**PROBLEM DETAILS**. Reproduce the records below exactly as shown.

**EXCERPTED DATA**.
━━━━

(* Let $\mu^*\approx 0.01191$ be the unique root in $(0,1)$ of $81\mu=(1-\mu)^3$. For the Best-Fit algorithm in the random-order model restricted to inputs in which every item has size in $(1/4,1/2]$, $$\limsup_{m\to\infty}\ \sup_{I:\ \mathrm{Opt}(I)=m,\ \text{all sizes in }(1/4,1/2]}\ \frac{\mathbb E_\sigma[\mathrm{BF}(I_\sigma)]}{\mathrm{Opt}(I)}\le \frac32-\frac{\mu^*}{2}\approx 1.4941.$$
   Context: Bin packing: items with sizes in $(0,1]$ are to be partitioned into the minimum number $\mathrm{Opt}(I)$ of bins of total size at most $1$. Best-Fit (BF) packs each arriving item into the fullest bin in which it fits, opening a new bin if necessary; $\mathrm{BF}(L)$ is the number of bins it uses on list $L$. In the random-order model, the list $I=(x_1,\dots,x_n)$ is fixed by an adversary, $\sigma$ is a uniformly random permutation of $[n]$, and items arrive in the order $I_\sigma=(x_{\sigma(1)},\dots,x_{\sigma(n)})$. *)

theory Defs
  imports "HOL-Analysis.Analysis" "HOL-Combinatorics.Permutations"
begin

text \<open>A bin configuration is the list of loads of the currently open bins.
  Best-Fit puts item x into a fullest bin that can still accommodate it
  (ties broken by lowest index; the tie-breaking does not affect the number
  of bins), and opens a new bin if no bin fits.\<close>

definition bf_step :: "real list \<Rightarrow> real \<Rightarrow> real list" where
  "bf_step loads x =
     (let F = filter (\<lambda>j. loads ! j + x \<le> 1) [0..<length loads] in
      if F = [] then loads @ [x]
      else let m = Max ((\<lambda>j. loads ! j) ` set F);
               j = hd (filter (\<lambda>j. loads ! j = m) F)
           in loads[j := loads ! j + x])"

definition BF :: "real list \<Rightarrow> nat" where
  "BF L = length (foldl bf_step [] L)"

definition Opt :: "real list \<Rightarrow> nat" where
  "Opt I = (LEAST k. \<exists>f :: nat \<Rightarrow> nat.
              (\<forall>i < length I. f i < k) \<and>
              (\<forall>j < k. (\<Sum>i \<in> {i. i < length I \<and> f i = j}. I ! i) \<le> 1))"

definition permute_list_by :: "(nat \<Rightarrow> nat) \<Rightarrow> real list \<Rightarrow> real list" where
  "permute_list_by \<sigma> I = map (\<lambda>i. I ! \<sigma> i) [0..<length I]"

definition E_BF_random :: "real list \<Rightarrow> real" where
  "E_BF_random I =
     (\<Sum>\<sigma> \<in> {\<sigma>. \<sigma> permutes {..<length I}}. real (BF (permute_list_by \<sigma> I)))
     / real (card {\<sigma>. \<sigma> permutes {..<length I}})"

end

theory Submission
  imports Defs "HOL-Combinatorics.Multiset_Permutations"
begin

text \<open>On items of size in \<open>(1/4, 1/2]\<close>, Best-Fit keeps at most one bin of load at most \<open>1/2\<close>.
  Call an item a fit event if it fits into a bin that is already more than half full; the potential
  \<open>2 \<cdot> #bins + #fit events - #items - [some bin has load \<le> 1/2]\<close> never increases, so
  \<open>2 BF \<le> n + 1 - #fit events\<close>.
  Among four consecutive items of size at most \<open>1/3\<close> there is always a fit event, because a low
  bin receiving such an item ends up with load at most \<open>2/3\<close>. Counting fit events along maximal
  runs of small items gives \<open>#fit events \<ge> (5 W\<^sub>4 - 4 W\<^sub>5) / 8\<close>, where \<open>W\<^sub>k\<close> is the
  number of windows of \<open>k\<close> consecutive small items; in a uniformly random order
  \<open>E W\<^sub>k = (n + 1 - k) s\<^sup>k\<^sup>\<down> / n\<^sup>k\<^sup>\<down>\<close> with \<open>s\<close> the number of small items.
  An optimal bin holds at most three items, at most two of them large, so \<open>n \<le> 3 Opt\<close> and
  \<open>n \<le> s + 2 Opt\<close>. An elementary estimate then gives \<open>E BF \<le> (3/2 - \<mu>/2) Opt + 2\<close> for
  every \<open>\<mu> < 1/81\<close>, and the root \<open>\<mu>\<^sup>* \<approx> 0.0119\<close> is such a \<open>\<mu>\<close>.\<close>

definition falling_factorial :: "nat \<Rightarrow> nat \<Rightarrow> real" where
  "falling_factorial k s = (\<Prod>j<k. real s - real j)"

lemma falling_factorial_0 [simp]: "falling_factorial 0 s = 1"
  by (simp add: falling_factorial_def)

lemma falling_factorial_Suc: "falling_factorial (Suc k) s = falling_factorial k s * (real s - real k)"
  by (simp add: falling_factorial_def)

lemma falling_factorial_Suc_left: "falling_factorial (Suc k) s = real s * falling_factorial k (s - 1)"
proof (cases s)
  case 0
  then show ?thesis by (auto simp: falling_factorial_def prod.lessThan_Suc_shift)
next
  case (Suc s')
  then show ?thesis
    unfolding falling_factorial_def prod.lessThan_Suc_shift by (simp add: of_nat_diff)
qed

lemma falling_factorial_eq_0: "s < k \<Longrightarrow> falling_factorial k s = 0"
  unfolding falling_factorial_def by (intro prod_zero bexI[of _ s]) auto

lemma falling_factorial_nonneg: "0 \<le> falling_factorial k s"
proof (cases "s < k")
  case False
  then show ?thesis by (auto simp: falling_factorial_def intro!: prod_nonneg)
qed (simp add: falling_factorial_eq_0)

lemma falling_factorial_pos: "k \<le> n \<Longrightarrow> 0 < falling_factorial k n"
  unfolding falling_factorial_def by (intro prod_pos) auto

lemma falling_factorial_4: "falling_factorial 4 s = real s * (real s - 1) * (real s - 2) * (real s - 3)"
  by (simp add: falling_factorial_def numeral_eq_Suc lessThan_Suc algebra_simps)

lemma fact_eq_falling_factorial: "k \<le> n \<Longrightarrow> fact n = falling_factorial k n * fact (n - k)"
proof (induction k)
  case (Suc k)
  have "n - k = Suc (n - Suc k)" using Suc.prems by simp
  then have "(fact (n - k) :: real) = (real n - real k) * fact (n - Suc k)"
    using Suc.prems by (simp add: of_nat_diff)
  then show ?case using Suc by (simp add: falling_factorial_Suc)
qed simp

━━━━

**ANSWER**.
(* Let $\mu^*\approx 0.01191$ be the unique root in $(0,1)$ of $81\mu=(1-\mu)^3$. For the Best-Fit algorithm in the random-order model restricted to inputs in which every item has size in $(1/4,1/2]$, $$\limsup_{m\to\infty}\ \sup_{I:\ \mathrm{Opt}(I)=m,\ \text{all sizes in }(1/4,1/2]}\ \frac{\mathbb E_\sigma[\mathrm{BF}(I_\sigma)]}{\mathrm{Opt}(I)}\le \frac32-\frac{\mu^*}{2}\approx 1.4941.$$
   Context: Bin packing: items with sizes in $(0,1]$ are to be partitioned into the minimum number $\mathrm{Opt}(I)$ of bins of total size at most $1$. Best-Fit (BF) packs each arriving item into the fullest bin in which it fits, opening a new bin if necessary; $\mathrm{BF}(L)$ is the number of bins it uses on list $L$. In the random-order model, the list $I=(x_1,\dots,x_n)$ is fixed by an adversary, $\sigma$ is a uniformly random permutation of $[n]$, and items arrive in the order $I_\sigma=(x_{\sigma(1)},\dots,x_{\sigma(n)})$. *)

theory Defs
  imports "HOL-Analysis.Analysis" "HOL-Combinatorics.Permutations"
begin

text \<open>A bin configuration is the list of loads of the currently open bins.
  Best-Fit puts item x into a fullest bin that can still accommodate it
  (ties broken by lowest index; the tie-breaking does not affect the number
  of bins), and opens a new bin if no bin fits.\<close>

definition bf_step :: "real list \<Rightarrow> real \<Rightarrow> real list" where
  "bf_step loads x =
     (let F = filter (\<lambda>j. loads ! j + x \<le> 1) [0..<length loads] in
      if F = [] then loads @ [x]
      else let m = Max ((\<lambda>j. loads ! j) ` set F);
               j = hd (filter (\<lambda>j. loads ! j = m) F)
           in loads[j := loads ! j + x])"

definition BF :: "real list \<Rightarrow> nat" where
  "BF L = length (foldl bf_step [] L)"

definition Opt :: "real list \<Rightarrow> nat" where
  "Opt I = (LEAST k. \<exists>f :: nat \<Rightarrow> nat.
              (\<forall>i < length I. f i < k) \<and>
              (\<forall>j < k. (\<Sum>i \<in> {i. i < length I \<and> f i = j}. I ! i) \<le> 1))"

definition permute_list_by :: "(nat \<Rightarrow> nat) \<Rightarrow> real list \<Rightarrow> real list" where
  "permute_list_by \<sigma> I = map (\<lambda>i. I ! \<sigma> i) [0..<length I]"

definition E_BF_random :: "real list \<Rightarrow> real" where
  "E_BF_random I =
     (\<Sum>\<sigma> \<in> {\<sigma>. \<sigma> permutes {..<length I}}. real (BF (permute_list_by \<sigma> I)))
     / real (card {\<sigma>. \<sigma> permutes {..<length I}})"

end

theory Submission
  imports Defs "HOL-Combinatorics.Multiset_Permutations"
begin

text \<open>On items of size in \<open>(1/4, 1/2]\<close>, Best-Fit keeps at most one bin of load at most \<open>1/2\<close>.
  Call an item a fit event if it fits into a bin that is already more than half full; the potential
  \<open>2 \<cdot> #bins + #fit events - #items - [some bin has load \<le> 1/2]\<close> never increases, so
  \<open>2 BF \<le> n + 1 - #fit events\<close>.
  Among four consecutive items of size at most \<open>1/3\<close> there is always a fit event, because a low
  bin receiving such an item ends up with load at most \<open>2/3\<close>. Counting fit events along maximal
  runs of small items gives \<open>#fit events \<ge> (5 W\<^sub>4 - 4 W\<^sub>5) / 8\<close>, where \<open>W\<^sub>k\<close> is the
  number of windows of \<open>k\<close> consecutive small items; in a uniformly random order
  \<open>E W\<^sub>k = (n + 1 - k) s\<^sup>k\<^sup>\<down> / n\<^sup>k\<^sup>\<down>\<close> with \<open>s\<close> the number of small items.
  An optimal bin holds at most three items, at most two of them large, so \<open>n \<le> 3 Opt\<close> and
  \<open>n \<le> s + 2 Opt\<close>. An elementary estimate then gives \<open>E BF \<le> (3/2 - \<mu>/2) Opt + 2\<close> for
  every \<open>\<mu> < 1/81\<close>, and the root \<open>\<mu>\<^sup>* \<approx> 0.0119\<close> is such a \<open>\<mu>\<close>.\<close>

definition falling_factorial :: "nat \<Rightarrow> nat \<Rightarrow> real" where
  "falling_factorial k s = (\<Prod>j<k. real s - real j)"

lemma falling_factorial_0 [simp]: "falling_factorial 0 s = 1"
  by (simp add: falling_factorial_def)

lemma falling_factorial_Suc: "falling_factorial (Suc k) s = falling_factorial k s * (real s - real k)"
  by (simp add: falling_factorial_def)

lemma falling_factorial_Suc_left: "falling_factorial (Suc k) s = real s * falling_factorial k (s - 1)"
proof (cases s)
  case 0
  then show ?thesis by (auto simp: falling_factorial_def prod.lessThan_Suc_shift)
next
  case (Suc s')
  then show ?thesis
    unfolding falling_factorial_def prod.lessThan_Suc_shift by (simp add: of_nat_diff)
qed

lemma falling_factorial_eq_0: "s < k \<Longrightarrow> falling_factorial k s = 0"
  unfolding falling_factorial_def by (intro prod_zero bexI[of _ s]) auto

lemma falling_factorial_nonneg: "0 \<le> falling_factorial k s"
proof (cases "s < k")
  case False
  then show ?thesis by (auto simp: falling_factorial_def intro!: prod_nonneg)
qed (simp add: falling_factorial_eq_0)

lemma falling_factorial_pos: "k \<le> n \<Longrightarrow> 0 < falling_factorial k n"
  unfolding falling_factorial_def by (intro prod_pos) auto

lemma falling_factorial_4: "falling_factorial 4 s = real s * (real s - 1) * (real s - 2) * (real s - 3)"
  by (simp add: falling_factorial_def numeral_eq_Suc lessThan_Suc algebra_simps)

lemma fact_eq_falling_factorial: "k \<le> n \<Longrightarrow> fact n = falling_factorial k n * fact (n - k)"
proof (induction k)
  case (Suc k)
  have "n - k = Suc (n - Suc k)" using Suc.prems by simp
  then have "(fact (n - k) :: real) = (real n - real k) * fact (n - Suc k)"
    using Suc.prems by (simp add: of_nat_diff)
  then show ?case using Suc by (simp add: falling_factorial_Suc)
qed simp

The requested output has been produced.